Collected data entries
──────
(* Let $D$ be a locatable digraph of order $n$. Then $\gamma_{OL}(D)=n$ if and only if $D$ can be constructed as follows. (1) Choose vertex-disjoint directed cycles $C_1,\dots,C_k$ (of orders $n_1+\dots+n_k=n$, loops and 2-cycles allowed) covering $V(D)$; these will be exactly the forcing arcs of $D$. For each vertex $v$, let $f^-(v)$ and $f^+(v)$ be the predecessor and successor of $v$ on its cycle. (2) Choose a partition $V(D)=V_d\cup V_l$ (the domination-forced and the location-forced vertices, respectively). (3) Construct a digraph $\mathcal{H}$ on $V(D)$ which is a disjoint union of vertex-disjoint rooted directed trees, such that the roots of the trees are precisely the vertices $f^+(x)$ with $x\in V_d$, and for every $x\in V_l$, the vertex $f^+(x)$ has an in-neighbour in $\mathcal{H}$. (4) The arc set of $D$ consists of the arcs of $C_1,\dots,C_k$ together with, for each tree $T$ of $\mathcal{H}$ and each vertex $v$ of $T$, an arc from $f^-(v)$ to every descendant of $v$ in $T$.
   Context: Digraphs are finite and may contain loops; between two distinct vertices there may be arcs in one or both directions, no repeated arcs. $N^-(v)=\{u: uv\text{ is an arc}\}$ (contains $v$ iff $v$ has a loop). An OLD set of $D$ is a set $S\subseteq V(D)$ such that every vertex has an in-neighbour in $S$ and for every two distinct vertices $u,w$ some vertex of $S$ lies in exactly one of $N^-(u),N^-(w)$. $D$ is locatable if it has an OLD set, and then $\gamma_{OL}(D)$ is the minimum size of an OLD set. A vertex $v$ is domination-forced if some vertex $w$ has $N^-(w)=\{v\}$; location-forced if there are distinct vertices $x,y$ with $N^-(x)\ominus N^-(y)=\{v\}$. An arc $xy$ is forcing if $N^-(y)=\{x\}$ or there is a vertex $z$ with $N^-(z)=N^-(y)\setminus\{x\}$. A rooted directed tree is a digraph without loops and directed 2-cycles whose underlying undirected graph is a tree, with a single source (the root) and all arcs oriented away from the root; a single vertex is allowed. The descendants of $v$ in $T$ are the vertices reachable from $v$ by a directed path in $T$. *)

theory Defs
  imports Main "HOL-Library.Disjoint_Sets"
begin

definition digraph :: "'a set \<Rightarrow> ('a \<times> 'a) set \<Rightarrow> bool" where
  "digraph V A \<longleftrightarrow> finite V \<and> A \<subseteq> V \<times> V"

definition in_nbrs :: "('a \<times> 'a) set \<Rightarrow> 'a \<Rightarrow> 'a set" where
  "in_nbrs A v = {u. (u, v) \<in> A}"

definition OLD_set :: "'a set \<Rightarrow> ('a \<times> 'a) set \<Rightarrow> 'a set \<Rightarrow> bool" where
  "OLD_set V A S \<longleftrightarrow> S \<subseteq> V
     \<and> (\<forall>v\<in>V. in_nbrs A v \<inter> S \<noteq> {})
     \<and> (\<forall>u\<in>V. \<forall>w\<in>V. u \<noteq> w \<longrightarrow> (in_nbrs A u - in_nbrs A w \<union> (in_nbrs A w - in_nbrs A u)) \<inter> S \<noteq> {})"

definition locatable :: "'a set \<Rightarrow> ('a \<times> 'a) set \<Rightarrow> bool" where
  "locatable V A \<longleftrightarrow> (\<exists>S. OLD_set V A S)"

definition gamma_OL :: "'a set \<Rightarrow> ('a \<times> 'a) set \<Rightarrow> nat" where
  "gamma_OL V A = (LEAST k. \<exists>S. OLD_set V A S \<and> card S = k)"

definition rooted_dtree :: "'a set \<Rightarrow> ('a \<times> 'a) set \<Rightarrow> 'a \<Rightarrow> bool" where
  "rooted_dtree W T r \<longleftrightarrow> finite W \<and> r \<in> W \<and> T \<subseteq> W \<times> W
     \<and> (\<forall>x. (x, x) \<notin> T) \<and> (\<forall>x y. (x, y) \<in> T \<longrightarrow> (y, x) \<notin> T)
     \<and> (\<forall>x\<in>W. \<forall>y\<in>W. (x, y) \<in> (T \<union> T\<inverse>)\<^sup>*) \<and> card T = card W - 1
     \<and> (\<forall>x\<in>W. in_nbrs T x = {} \<longleftrightarrow> x = r)
     \<and> (\<forall>x\<in>W. (r, x) \<in> T\<^sup>*)"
──────
> _ASSIGNED TASK_
Your task is to set down all of the entries exactly as they appear.

> _OUTPUT FOR THIS TASK_
(* Let $D$ be a locatable digraph of order $n$. Then $\gamma_{OL}(D)=n$ if and only if $D$ can be constructed as follows. (1) Choose vertex-disjoint directed cycles $C_1,\dots,C_k$ (of orders $n_1+\dots+n_k=n$, loops and 2-cycles allowed) covering $V(D)$; these will be exactly the forcing arcs of $D$. For each vertex $v$, let $f^-(v)$ and $f^+(v)$ be the predecessor and successor of $v$ on its cycle. (2) Choose a partition $V(D)=V_d\cup V_l$ (the domination-forced and the location-forced vertices, respectively). (3) Construct a digraph $\mathcal{H}$ on $V(D)$ which is a disjoint union of vertex-disjoint rooted directed trees, such that the roots of the trees are precisely the vertices $f^+(x)$ with $x\in V_d$, and for every $x\in V_l$, the vertex $f^+(x)$ has an in-neighbour in $\mathcal{H}$. (4) The arc set of $D$ consists of the arcs of $C_1,\dots,C_k$ together with, for each tree $T$ of $\mathcal{H}$ and each vertex $v$ of $T$, an arc from $f^-(v)$ to every descendant of $v$ in $T$.
   Context: Digraphs are finite and may contain loops; between two distinct vertices there may be arcs in one or both directions, no repeated arcs. $N^-(v)=\{u: uv\text{ is an arc}\}$ (contains $v$ iff $v$ has a loop). An OLD set of $D$ is a set $S\subseteq V(D)$ such that every vertex has an in-neighbour in $S$ and for every two distinct vertices $u,w$ some vertex of $S$ lies in exactly one of $N^-(u),N^-(w)$. $D$ is locatable if it has an OLD set, and then $\gamma_{OL}(D)$ is the minimum size of an OLD set. A vertex $v$ is domination-forced if some vertex $w$ has $N^-(w)=\{v\}$; location-forced if there are distinct vertices $x,y$ with $N^-(x)\ominus N^-(y)=\{v\}$. An arc $xy$ is forcing if $N^-(y)=\{x\}$ or there is a vertex $z$ with $N^-(z)=N^-(y)\setminus\{x\}$. A rooted directed tree is a digraph without loops and directed 2-cycles whose underlying undirected graph is a tree, with a single source (the root) and all arcs oriented away from the root; a single vertex is allowed. The descendants of $v$ in $T$ are the vertices reachable from $v$ by a directed path in $T$. *)

theory Defs
  imports Main "HOL-Library.Disjoint_Sets"
begin

definition digraph :: "'a set \<Rightarrow> ('a \<times> 'a) set \<Rightarrow> bool" where
  "digraph V A \<longleftrightarrow> finite V \<and> A \<subseteq> V \<times> V"

definition in_nbrs :: "('a \<times> 'a) set \<Rightarrow> 'a \<Rightarrow> 'a set" where
  "in_nbrs A v = {u. (u, v) \<in> A}"

definition OLD_set :: "'a set \<Rightarrow> ('a \<times> 'a) set \<Rightarrow> 'a set \<Rightarrow> bool" where
  "OLD_set V A S \<longleftrightarrow> S \<subseteq> V
     \<and> (\<forall>v\<in>V. in_nbrs A v \<inter> S \<noteq> {})
     \<and> (\<forall>u\<in>V. \<forall>w\<in>V. u \<noteq> w \<longrightarrow> (in_nbrs A u - in_nbrs A w \<union> (in_nbrs A w - in_nbrs A u)) \<inter> S \<noteq> {})"

definition locatable :: "'a set \<Rightarrow> ('a \<times> 'a) set \<Rightarrow> bool" where
  "locatable V A \<longleftrightarrow> (\<exists>S. OLD_set V A S)"

definition gamma_OL :: "'a set \<Rightarrow> ('a \<times> 'a) set \<Rightarrow> nat" where
  "gamma_OL V A = (LEAST k. \<exists>S. OLD_set V A S \<and> card S = k)"

definition rooted_dtree :: "'a set \<Rightarrow> ('a \<times> 'a) set \<Rightarrow> 'a \<Rightarrow> bool" where
  "rooted_dtree W T r \<longleftrightarrow> finite W \<and> r \<in> W \<and> T \<subseteq> W \<times> W
     \<and> (\<forall>x. (x, x) \<notin> T) \<and> (\<forall>x y. (x, y) \<in> T \<longrightarrow> (y, x) \<notin> T)
     \<and> (\<forall>x\<in>W. \<forall>y\<in>W. (x, y) \<in> (T \<union> T\<inverse>)\<^sup>*) \<and> card T = card W - 1
     \<and> (\<forall>x\<in>W. in_nbrs T x = {} \<longleftrightarrow> x = r)
     \<and> (\<forall>x\<in>W. (r, x) \<in> T\<^sup>*)"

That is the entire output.